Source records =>
__________________________________________________

lemma concave_family_gfun:
  assumes q: "\<forall>i\<in>{1..n}. \<forall>j\<in>{1..m}. 0 \<le> q i j"
  shows "concave_family {1..n} (gfun n m q rho xi)"
proof
  fix i assume i: "i \<in> {1..n}"
  have zero: "obedient_slice m q rho (rhoE n m q rho) i z (\<lambda>_. 0)" if "0 \<le> z" for z
    using q i that by (simp add: obedient_slice_zero)
  show "0 \<le> gfun n m q rho xi i z" if "0 \<le> z" for z
    using gfun_upper[OF zero[OF that]] by simp
  show "bdd_above (gfun n m q rho xi i ` {0..})"
    using q i obedient_slice_value_le by (intro bdd_aboveI2 gfun_least) auto
  show "concave_on {0..} (gfun n m q rho xi i)"
    unfolding concave_on_iff
  proof (intro conjI ballI allI impI)
    fix z z' u v :: real assume zz': "z \<in> {0..}" "z' \<in> {0..}" and uv: "0 \<le> u" "0 \<le> v" "u + v = 1"
    show "u * gfun n m q rho xi i z + v * gfun n m q rho xi i z'
        \<le> gfun n m q rho xi i (u *\<^sub>R z + v *\<^sub>R z')"
      unfolding gfun_eq_Sup[of n m q rho xi i z] gfun_eq_Sup[of n m q rho xi i z']
    proof (rule cSup_lincomb_le)
      fix a b
      assume "a \<in> (\<lambda>x. \<Sum>j=1..m. x j * xi i j) ` Collect (obedient_slice m q rho (rhoE n m q rho) i z)"
        and "b \<in> (\<lambda>x. \<Sum>j=1..m. x j * xi i j) ` Collect (obedient_slice m q rho (rhoE n m q rho) i z')"
      then obtain x y where x: "obedient_slice m q rho (rhoE n m q rho) i z x"
        and y: "obedient_slice m q rho (rhoE n m q rho) i z' y"
        and ab: "a = (\<Sum>j=1..m. x j * xi i j)" "b = (\<Sum>j=1..m. y j * xi i j)"
        by blast
      have "u * a + v * b = (\<Sum>j=1..m. (u * x j + v * y j) * xi i j)"
        by (simp add: ab sum_mix)
      also have "\<dots> \<le> gfun n m q rho xi i (u * z + v * z')"
        by (intro gfun_upper obedient_slice_mix[OF x y uv])
      finally show "u * a + v * b \<le> gfun n m q rho xi i (u *\<^sub>R z + v *\<^sub>R z')"
        by simp
    qed (use zero zz' uv in auto)
  qed (simp add: convex_real_interval)
qed

lemma ffun_eq_split_value:
  "ffun n m q rho xi S = split_value (gfun n m q rho xi) (insert n S)"
  unfolding ffun_def split_value_def budget_splits_def by (rule arg_cong[where f = Sup]) auto

section \<open>Marginals of a signaling scheme\<close>

lemma states_mem: "\<theta> \<in> states n m \<Longrightarrow> i \<in> {1..n} \<Longrightarrow> \<theta> i \<in> {1..m}"
  unfolding states_def by (auto simp: PiE_iff)

lemma finite_states: "finite (states n m)"
  unfolding states_def by (auto intro!: finite_PiE)

lemma prior_nonneg:
  assumes "\<forall>i\<in>{1..n}. \<forall>j\<in>{1..m}. 0 \<le> q i j" "\<theta> \<in> states n m"
  shows "0 \<le> prior n q \<theta>"
  unfolding prior_def using assms states_mem by (intro prod_nonneg) blast

lemma sum_prior:
  assumes "\<forall>i\<in>{1..n}. (\<Sum>j=1..m. q i j) = 1"
  shows "(\<Sum>\<theta>\<in>states n m. prior n q \<theta>) = 1"
  unfolding states_def prior_def using assms by (simp flip: prod_sum_PiE)

lemma sum_prior_type:
  assumes q1: "\<forall>i\<in>{1..n}. (\<Sum>j=1..m. q i j) = 1" and a: "a \<in> {1..n}" and j: "j \<in> {1..m}"
  shows "(\<Sum>\<theta>\<in>states n m. if \<theta> a = j then prior n q \<theta> else 0) = q a j"
proof -
  define B where "B i = (if i = a then {j} else {1..m})" for i
  have fiber: "{\<theta>\<in>states n m. \<theta> a = j} = PiE {1..n} B"
  proof (intro set_eqI iffI)
    fix \<theta> assume "\<theta> \<in> {\<theta>\<in>states n m. \<theta> a = j}"
    then show "\<theta> \<in> PiE {1..n} B" by (auto simp: states_def B_def PiE_iff)
  next
    fix \<theta> assume \<theta>: "\<theta> \<in> PiE {1..n} B"
    have "\<theta> i \<in> {1..m}" if "i \<in> {1..n}" for i
    proof -
      have "\<theta> i \<in> B i" using \<theta> that by (simp add: PiE_iff)
      with j show ?thesis by (simp add: B_def split: if_splits)
    qed
    moreover have "\<theta> a \<in> B a" using \<theta> a by (simp add: PiE_iff)
    ultimately show "\<theta> \<in> {\<theta>\<in>states n m. \<theta> a = j}"
      using \<theta> by (auto simp: states_def PiE_iff B_def)
  qed
  have "(\<Sum>\<theta>\<in>states n m. if \<theta> a = j then prior n q \<theta> else 0)
      = (\<Sum>\<theta>\<in>{\<theta>\<in>states n m. \<theta> a = j}. prior n q \<theta>)"
    by (simp add: sum.inter_filter finite_states)
  also have "\<dots> = (\<Sum>\<theta>\<in>PiE {1..n} B. prior n q \<theta>)"
    by (simp only: fiber)
  also have "\<dots> = (\<Prod>i\<in>{1..n}. \<Sum>y\<in>B i. q i y)"
    unfolding prior_def by (rule prod_sum_PiE[symmetric]) (auto simp: B_def)
  also have "\<dots> = (\<Prod>i\<in>{1..n}. if i = a then q a j else 1)"
    using q1 by (intro prod.cong) (auto simp: B_def)
  also have "\<dots> = q a j" using a by (simp add: prod.If_cases)
  finally show ?thesis .
qed

lemma sum_states_by_type:
  assumes "a \<in> {1..n}"
  shows "(\<Sum>\<theta>\<in>states n m. h \<theta> (\<theta> a)) =
    (\<Sum>j=1..m. \<Sum>\<theta>\<in>states n m. if \<theta> a = j then h \<theta> j else (0::real))"
proof -
  have type: "(\<Sum>j=1..m. if \<theta> a = j then h \<theta> j else 0) = h \<theta> (\<theta> a)" if "\<theta> \<in> states n m" for \<theta>
    using states_mem[OF that assms] by (simp add: if_distrib[of "h \<theta>"] cong: if_cong)
  show ?thesis
    by (subst sum.swap) (intro sum.cong refl type[symmetric])
qed

definition type_mass ::
    "nat \<Rightarrow> nat \<Rightarrow> (nat \<Rightarrow> nat \<Rightarrow> real) \<Rightarrow> ((nat \<Rightarrow> nat) \<Rightarrow> nat \<Rightarrow> real) \<Rightarrow> nat \<Rightarrow> nat \<Rightarrow> nat \<Rightarrow> real"
  where
  "type_mass n m q \<phi> s a j = (\<Sum>\<theta>\<in>states n m. if \<theta> a = j then prior n q \<theta> * \<phi> \<theta> s else 0)"

lemma joint_val_eq_type_mass:
  assumes "a \<in> {1..n}"
  shows "joint_val n m q u \<phi> s a = (\<Sum>j=1..m. type_mass n m q \<phi> s a j * u a j)"
  unfolding joint_val_def type_mass_def sum_distrib_right
  using sum_states_by_type[OF assms, of "\<lambda>\<theta> j. prior n q \<theta> * \<phi> \<theta> s * u a j"]
  by (simp add: if_distrib[of "\<lambda>x. x * u a _"] cong: if_cong)

lemma sig_prob_eq_type_mass:
  assumes "a \<in> {1..n}"
  shows "sig_prob n m q \<phi> s = (\<Sum>j=1..m. type_mass n m q \<phi> s a j)"
  unfolding sig_prob_def type_mass_def
  using sum_states_by_type[OF assms, of "\<lambda>\<theta> _. prior n q \<theta> * \<phi> \<theta> s"] by simp

lemma type_mass_nonneg:
  assumes "\<forall>i\<in>{1..n}. \<forall>j\<in>{1..m}. 0 \<le> q i j" "is_scheme n m k \<phi>" "s \<in> {1..k}"
  shows "0 \<le> type_mass n m q \<phi> s a j"
  unfolding type_mass_def using assms prior_nonneg[OF assms(1)]
  by (intro sum_nonneg) (auto simp: is_scheme_def)

lemma sig_prob_nonneg:
  assumes "\<forall>i\<in>{1..n}. \<forall>j\<in>{1..m}. 0 \<le> q i j" "is_scheme n m k \<phi>" "s \<in> {1..k}"
  shows "0 \<le> sig_prob n m q \<phi> s"
  unfolding sig_prob_def using assms prior_nonneg[OF assms(1)]
  by (intro sum_nonneg) (auto simp: is_scheme_def)

lemma sum_type_mass_signals:
  assumes q1: "\<forall>i\<in>{1..n}. (\<Sum>j=1..m. q i j) = 1" and \<phi>: "is_scheme n m k \<phi>"
    and "a \<in> {1..n}" "j \<in> {1..m}"
  shows "(\<Sum>s=1..k. type_mass n m q \<phi> s a j) = q a j"
proof -
  have "(\<Sum>s=1..k. type_mass n m q \<phi> s a j)
      = (\<Sum>\<theta>\<in>states n m. if \<theta> a = j then prior n q \<theta> * (\<Sum>s=1..k. \<phi> \<theta> s) else 0)"
    unfolding type_mass_def by (subst sum.swap) (auto intro!: sum.cong simp: sum_distrib_left)
  also have "\<dots> = (\<Sum>\<theta>\<in>states n m. if \<theta> a = j then prior n q \<theta> else 0)"
    using \<phi> by (intro sum.cong) (auto simp: is_scheme_def)
  also have "\<dots> = q a j"
    using assms by (intro sum_prior_type)
  finally show ?thesis .
qed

__________________________________________________

EXERCISE => For this exercise, repeat exactly the lines of the data above from the one with "unfolding prior_def by" down to the one with "unfolding type_mass_def using", both end lines included.

COMPLETED EXERCISE =>
    unfolding prior_def by (rule prod_sum_PiE[symmetric]) (auto simp: B_def)
  also have "\<dots> = (\<Prod>i\<in>{1..n}. if i = a then q a j else 1)"
    using q1 by (intro prod.cong) (auto simp: B_def)
  also have "\<dots> = q a j" using a by (simp add: prod.If_cases)
  finally show ?thesis .
qed

lemma sum_states_by_type:
  assumes "a \<in> {1..n}"
  shows "(\<Sum>\<theta>\<in>states n m. h \<theta> (\<theta> a)) =
    (\<Sum>j=1..m. \<Sum>\<theta>\<in>states n m. if \<theta> a = j then h \<theta> j else (0::real))"
proof -
  have type: "(\<Sum>j=1..m. if \<theta> a = j then h \<theta> j else 0) = h \<theta> (\<theta> a)" if "\<theta> \<in> states n m" for \<theta>
    using states_mem[OF that assms] by (simp add: if_distrib[of "h \<theta>"] cong: if_cong)
  show ?thesis
    by (subst sum.swap) (intro sum.cong refl type[symmetric])
qed

definition type_mass ::
    "nat \<Rightarrow> nat \<Rightarrow> (nat \<Rightarrow> nat \<Rightarrow> real) \<Rightarrow> ((nat \<Rightarrow> nat) \<Rightarrow> nat \<Rightarrow> real) \<Rightarrow> nat \<Rightarrow> nat \<Rightarrow> nat \<Rightarrow> real"
  where
  "type_mass n m q \<phi> s a j = (\<Sum>\<theta>\<in>states n m. if \<theta> a = j then prior n q \<theta> * \<phi> \<theta> s else 0)"

lemma joint_val_eq_type_mass:
  assumes "a \<in> {1..n}"
  shows "joint_val n m q u \<phi> s a = (\<Sum>j=1..m. type_mass n m q \<phi> s a j * u a j)"
  unfolding joint_val_def type_mass_def sum_distrib_right
  using sum_states_by_type[OF assms, of "\<lambda>\<theta> j. prior n q \<theta> * \<phi> \<theta> s * u a j"]
  by (simp add: if_distrib[of "\<lambda>x. x * u a _"] cong: if_cong)

lemma sig_prob_eq_type_mass:
  assumes "a \<in> {1..n}"
  shows "sig_prob n m q \<phi> s = (\<Sum>j=1..m. type_mass n m q \<phi> s a j)"
  unfolding sig_prob_def type_mass_def
  using sum_states_by_type[OF assms, of "\<lambda>\<theta> _. prior n q \<theta> * \<phi> \<theta> s"] by simp

lemma type_mass_nonneg:
  assumes "\<forall>i\<in>{1..n}. \<forall>j\<in>{1..m}. 0 \<le> q i j" "is_scheme n m k \<phi>" "s \<in> {1..k}"
  shows "0 \<le> type_mass n m q \<phi> s a j"
  unfolding type_mass_def using assms prior_nonneg[OF assms(1)]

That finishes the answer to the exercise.